— Делай все сама, — сказал Ланс
— Ты аккуратно работаешь.
— Чтобы держалось так же крепко, как и прежде, — сказала я.
— Зачем? Скорее всего, она возьмется за это снова. Ты ее рожу видела?
— Неважно. Если я оставлю в ней дыру, она будет страдать, а я думаю, что у нее и без того поводов достаточно.
Он расхохотался, и я поняла, что он меня проверял, старая хитрая мартышка.
— Франц прав. Где-то глубоко в тебе еще есть чувства. Надежда еще есть.
Он заговорщицки взглянул на анестезиолога и другую медсестру.
Что ж, придется убить еще троих. Но под маской я не смогла сдержаться и улыбнулась.
Доминик
(Ария)
В то утро я вышла раньше, и у меня на это была веская причина: я не хотела оставаться в квартире, рискуя заполучить очередную семейную сцену от моей жены. По дороге в больницу я не торопилась, установила автопилот, чтобы попытаться разобраться в своей ситуации — не сделала ли я глупость, согласившись на ребенка? Может, стоило попросить ее подумать еще немного, в конце концов, я ведь ничего не подписывала, и тут передо мной остановился автобус. Вместо того чтобы объехать его, как я всегда это делала, я стала терпеливо ждать, пока он избавится от своего человеческого груза, и увидела, как из автобуса вышел человек, которого я ожидала здесь встретить в последнюю очередь.

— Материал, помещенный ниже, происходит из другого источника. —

datatype ('p, 'd) wpcl = WConst 'd | WPcl "'p pcl" | WOplus "('p, 'd) wpcl" "('p, 'd) wpcl"
  | WOtimes "('p, 'd) wpcl" "('p, 'd) wpcl"

fun wsem :: "('d \<Rightarrow> 'd \<Rightarrow> 'd) \<Rightarrow> ('d \<Rightarrow> 'd \<Rightarrow> 'd) \<Rightarrow> 'd \<Rightarrow> 'd \<Rightarrow> 'p set
    \<Rightarrow> ('p, 'd) wpcl \<Rightarrow> 'p set set \<Rightarrow> 'd" where
  "wsem add mul z u P (WConst d) \<gamma> = d"
| "wsem add mul z u P (WPcl f) \<gamma> = (if pcl_sat P \<gamma> f then u else z)"
| "wsem add mul z u P (WOplus w v) \<gamma> =
     add (wsem add mul z u P w \<gamma>) (wsem add mul z u P v \<gamma>)"
| "wsem add mul z u P (WOtimes w v) \<gamma> =
     mul (wsem add mul z u P w \<gamma>) (wsem add mul z u P v \<gamma>)"

fun oplus_list :: "'d \<Rightarrow> ('p, 'd) wpcl list \<Rightarrow> ('p, 'd) wpcl" where
  "oplus_list z [] = WConst z"
| "oplus_list z [w] = w"
| "oplus_list z (w # ws) = WOplus w (oplus_list z ws)"

end

theory Submission
  imports Defs
begin

text \<open>Over a finite set of ports, the full monomial with positive part \<open>\<alpha>\<close> is satisfied by
the interaction \<open>\<alpha>\<close> alone, so the \<open>+\<close>-combination of the full monomials of the interactions
of a coalition \<open>\<gamma>\<close> is satisfied by \<open>\<gamma>\<close> alone. As there are only finitely many coalitions, \<open>f\<close>
is the disjunction of these characteristic formulas over the coalitions satisfying \<open>f\<close>.
The semantics of a PCL formula takes only the values \<open>0\<close> and \<open>1\<close>, and on such values an
idempotent \<open>\<oplus>\<close> computes this disjunction; multiplying by \<open>1\<close> changes nothing.\<close>

lemma pil_sat_PAnd [simp]: "pil_sat \<beta> (PAnd \<phi> \<psi>) \<longleftrightarrow> pil_sat \<beta> \<phi> \<and> pil_sat \<beta> \<psi>"
  by (simp add: PAnd_def)

lemma pil_sat_monomial: "pil_sat \<beta> (monomial \<alpha> xs) \<longleftrightarrow> (\<forall>p\<in>set xs. p \<in> \<beta> \<longleftrightarrow> p \<in> \<alpha>)"
  by (induction \<alpha> xs rule: monomial.induct) (auto simp: lit_def)

lemma pil_sat_monomial_iff_eq:
  assumes "set xs = P" "\<alpha> \<subseteq> P" "\<beta> \<subseteq> P"
  shows "pil_sat \<beta> (monomial \<alpha> xs) \<longleftrightarrow> \<beta> = \<alpha>"
  using assms by (auto simp: pil_sat_monomial)

lemma full_monomial_monomial:
  "set xs = P \<Longrightarrow> distinct xs \<Longrightarrow> \<alpha> \<subseteq> P \<Longrightarrow> full_monomial P (monomial \<alpha> xs)"
  unfolding full_monomial_def by blast

lemma finite_C_P: "finite P \<Longrightarrow> finite (C_P P)"
  by (rule finite_subset[of _ "Pow (Pow P)"]) (auto simp: C_P_def I_P_def)

lemma pcl_sat_CPil_iff_singleton:
  assumes "\<gamma> \<in> C_P P" and "\<And>\<beta>. \<beta> \<in> I_P P \<Longrightarrow> pil_sat \<beta> \<phi> \<longleftrightarrow> \<beta> = \<alpha>"
  shows "pcl_sat P \<gamma> (CPil \<phi>) \<longleftrightarrow> \<gamma> = {\<alpha>}"
  using assms by (auto simp: C_P_def)

lemma pcl_sat_plus_list_iff_eq:
  assumes "\<And>\<beta> \<alpha>. \<beta> \<in> I_P P \<Longrightarrow> \<alpha> \<in> set as \<Longrightarrow> pil_sat \<beta> (M \<alpha>) \<longleftrightarrow> \<beta> = \<alpha>"
    and "as \<noteq> []" and "set as \<subseteq> I_P P" and "\<gamma> \<in> C_P P"
  shows "pcl_sat P \<gamma> (plus_list (map M as)) \<longleftrightarrow> \<gamma> = set as"
  using assms
proof (induction as arbitrary: \<gamma> rule: induct_list012)
  case (2 \<alpha>)
  then show ?case
    using pcl_sat_CPil_iff_singleton[of \<gamma> P "M \<alpha>" \<alpha>] by simp
next
  case (3 \<alpha> \<alpha>' as)
  have tail: "pcl_sat P \<gamma>' (plus_list (map M (\<alpha>' # as))) \<longleftrightarrow> \<gamma>' = set (\<alpha>' # as)"
    if "\<gamma>' \<in> C_P P" for \<gamma>'
    using "3.IH"(2) "3.prems" that by simp
  have head: "pcl_sat P \<gamma>' (CPil (M \<alpha>)) \<longleftrightarrow> \<gamma>' = {\<alpha>}" if "\<gamma>' \<in> C_P P" for \<gamma>'
    using "3.prems"(1) that pcl_sat_CPil_iff_singleton[of \<gamma>' P "M \<alpha>" \<alpha>] by simp
  have "{\<alpha>} \<in> C_P P" "set (\<alpha>' # as) \<in> C_P P"
    using "3.prems"(3) by (auto simp: C_P_def)
  have "pcl_sat P \<gamma> (plus_list (map M (\<alpha> # \<alpha>' # as))) \<longleftrightarrow>
      (\<exists>\<gamma>\<^sub>1 \<gamma>\<^sub>2. \<gamma>\<^sub>1 \<in> C_P P \<and> \<gamma>\<^sub>2 \<in> C_P P \<and> \<gamma> = \<gamma>\<^sub>1 \<union> \<gamma>\<^sub>2 \<and>
        \<gamma>\<^sub>1 = {\<alpha>} \<and> \<gamma>\<^sub>2 = set (\<alpha>' # as))"
    using head tail by (simp only: list.map plus_list.simps pcl_sat.simps) blast
  also have "\<dots> \<longleftrightarrow> \<gamma> = set (\<alpha> # \<alpha>' # as)"
    using \<open>{\<alpha>} \<in> C_P P\<close> \<open>set (\<alpha>' # as) \<in> C_P P\<close> by auto
  finally show ?case .
qed simp

lemma coalition_characteristic_plus_list:
  assumes "finite P" and "\<gamma>\<^sub>0 \<in> C_P P"
  shows "\<exists>js. js \<noteq> [] \<and> (\<forall>m\<in>set js. full_monomial P m) \<and>
    (\<forall>\<gamma>\<in>C_P P. pcl_sat P \<gamma> (plus_list js) \<longleftrightarrow> \<gamma> = \<gamma>\<^sub>0)"
proof -
  obtain xs where xs: "set xs = P" "distinct xs"
    using assms(1) finite_distinct_list by blast
  have \<gamma>\<^sub>0: "\<gamma>\<^sub>0 \<subseteq> I_P P" "\<gamma>\<^sub>0 \<noteq> {}"
    using assms(2) by (auto simp: C_P_def)
  then have "finite \<gamma>\<^sub>0"
    using assms(1) by (auto simp: I_P_def intro: finite_subset[of _ "Pow P"])
  then obtain as where as: "set as = \<gamma>\<^sub>0"
    using finite_list by blast
  define js where "js = map (\<lambda>\<alpha>. monomial \<alpha> xs) as"
  have "pil_sat \<beta> (monomial \<alpha> xs) \<longleftrightarrow> \<beta> = \<alpha>" if "\<beta> \<in> I_P P" "\<alpha> \<in> I_P P" for \<beta> \<alpha>
    using that xs(1) by (simp add: I_P_def pil_sat_monomial_iff_eq)
  then have "pcl_sat P \<gamma> (plus_list js) \<longleftrightarrow> \<gamma> = \<gamma>\<^sub>0" if "\<gamma> \<in> C_P P" for \<gamma>
    unfolding js_def as[symmetric]
    by (rule pcl_sat_plus_list_iff_eq) (use as \<gamma>\<^sub>0 that in auto)
  moreover have "\<forall>m\<in>set js. full_monomial P m"
    using as \<gamma>\<^sub>0 xs by (auto simp: js_def I_P_def intro!: full_monomial_monomial)
  moreover have "js \<noteq> []"
    using as \<gamma>\<^sub>0 by (auto simp: js_def)
  ultimately show ?thesis
    by blast
qed

lemma coalition_set_plus_normal_form:
  assumes "finite P" and "S \<subseteq> C_P P"
  shows "\<exists>ms. (\<forall>js\<in>set ms. js \<noteq> [] \<and> (\<forall>m\<in>set js. full_monomial P m)) \<and>
    (\<forall>\<gamma>\<in>C_P P. (\<exists>js\<in>set ms. pcl_sat P \<gamma> (plus_list js)) \<longleftrightarrow> \<gamma> \<in> S)"
proof -
  have "\<forall>\<gamma>\<^sub>0\<in>S. \<exists>js. js \<noteq> [] \<and> (\<forall>m\<in>set js. full_monomial P m) \<and>
      (\<forall>\<gamma>\<in>C_P P. pcl_sat P \<gamma> (plus_list js) \<longleftrightarrow> \<gamma> = \<gamma>\<^sub>0)"
    using assms coalition_characteristic_plus_list by blast
  then obtain chr where chr: "\<forall>\<gamma>\<^sub>0\<in>S. chr \<gamma>\<^sub>0 \<noteq> [] \<and> (\<forall>m\<in>set (chr \<gamma>\<^sub>0). full_monomial P m) \<and>
      (\<forall>\<gamma>\<in>C_P P. pcl_sat P \<gamma> (plus_list (chr \<gamma>\<^sub>0)) \<longleftrightarrow> \<gamma> = \<gamma>\<^sub>0)"
    by (rule bchoice[elim_format]) blast
  obtain Ss where "set Ss = S"
    using finite_list finite_subset[OF assms(2) finite_C_P[OF assms(1)]] by blast
  then show ?thesis
    using chr by (intro exI[of _ "map chr Ss"]) auto
qed

lemma wsem_oplus_list_WPcl:
  assumes "\<And>x. add z x = x" and "\<And>x. add x z = x" and "add u u = u"
  shows "wsem add mul z u P (oplus_list z (map WPcl fs)) \<gamma> =
    (if \<exists>f\<in>set fs. pcl_sat P \<gamma> f then u else z)"
  by (induction fs rule: induct_list012) (auto simp: assms)

lemma wsem_oplus_list_map_cong:
  assumes "\<And>x. wsem add mul z u P (F x) \<gamma> = wsem add mul z u P (G x) \<gamma>"
  shows "wsem add mul z u P (oplus_list z (map F xs)) \<gamma> =
    wsem add mul z u P (oplus_list z (map G xs)) \<gamma>"
  by (induction xs rule: induct_list012) (simp_all add: assms)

Когда поток машин тронулся с места, я догнала ее, опустила стекло и крикнула:
— Джинн!
Она обернулась, лицо у нее было мрачное, но, увидев меня, она просветлела, подошла к машине и наклонилась к окну:
— Ты в больницу?
— Да, подвезти?
— Отлично!
Она села, объяснила, что ее машина сломалась, ее бывший даже не потрудился зарядить аккумулятор перед тем, как она его выгнала. Я ненавязчиво спросила, почему они расстались, честно говоря, меня это удивило, потому что, насколько я помню, они были вместе уже три года. Я сказала:
— Может быть, это временно…
Она ответила:
— Нет, все в прошлом, я сыта по горло его претензиями, привычками, причудами, планами на ближайшее, среднее и далекое будущее, наши мнения во всем расходились, так зачем было терпеть его еще дольше? И потом, по вечерам я старалась лечь спать незаметно, потому что мне все меньше хотелось, чтобы он ко мне прикасался.
— Тебе что… не нравилось?
— О, еще как нравилось! Очень нравилось… — Сказав это, она замолчала, и от повисшей тишины меня бросило в дрожь. — Но я не хочу продолжать спать с человеком, с которым никогда ни в чем не соглашаюсь… Видишь ли, говорят, что ссоры хорошо заглаживать в постели и что секс разряжает обстановку, но я… у меня все иначе. Работа у меня, наверное, самая нервная на земле, но оперировать мне нравится, когда я оперирую, я совершенно расслабленна, а если занимаюсь любовью, то уж точно не для того, чтобы расслабиться.
Я засмеялась:
— Ты занимаешься любовью потому, что тебе это нравится.
Она покраснела:
— Да.
— А ему не нравилось?
— Не знаю. Я ничего об этом не знаю. Я вообще ничего о нем не знаю. В конце я уже не знала, кто это такой. Мы не разговаривали. Когда мне хотелось побыть с ним, он был погружен в свой компьютер; когда мне хотелось почитать, он лез ко мне со своими поцелуями в шею. Короче, мы никогда не были настроены на одну волну, и это стало меня утомлять, потому что, кроме секса, нас больше ничего не связывало. Мы больше не ходили в кино, к друзьям, в отпуске мы молчали.
Я вздохнула:
— Жить с врачом не так-то просто.
— Да. Особенно когда ты не влюблена.
— Ты не была в него влюблена?
— Больше не была. Какое-то время назад все прошло. Я уже не помню когда именно.
Она засмеялась.
— Что такое?
— Мне вспомнилась одна вещь, которую говорил доктор Карма.
— Ты сейчас у Кармы? В семьдесят седьмом? Не может быть! Рассказывай!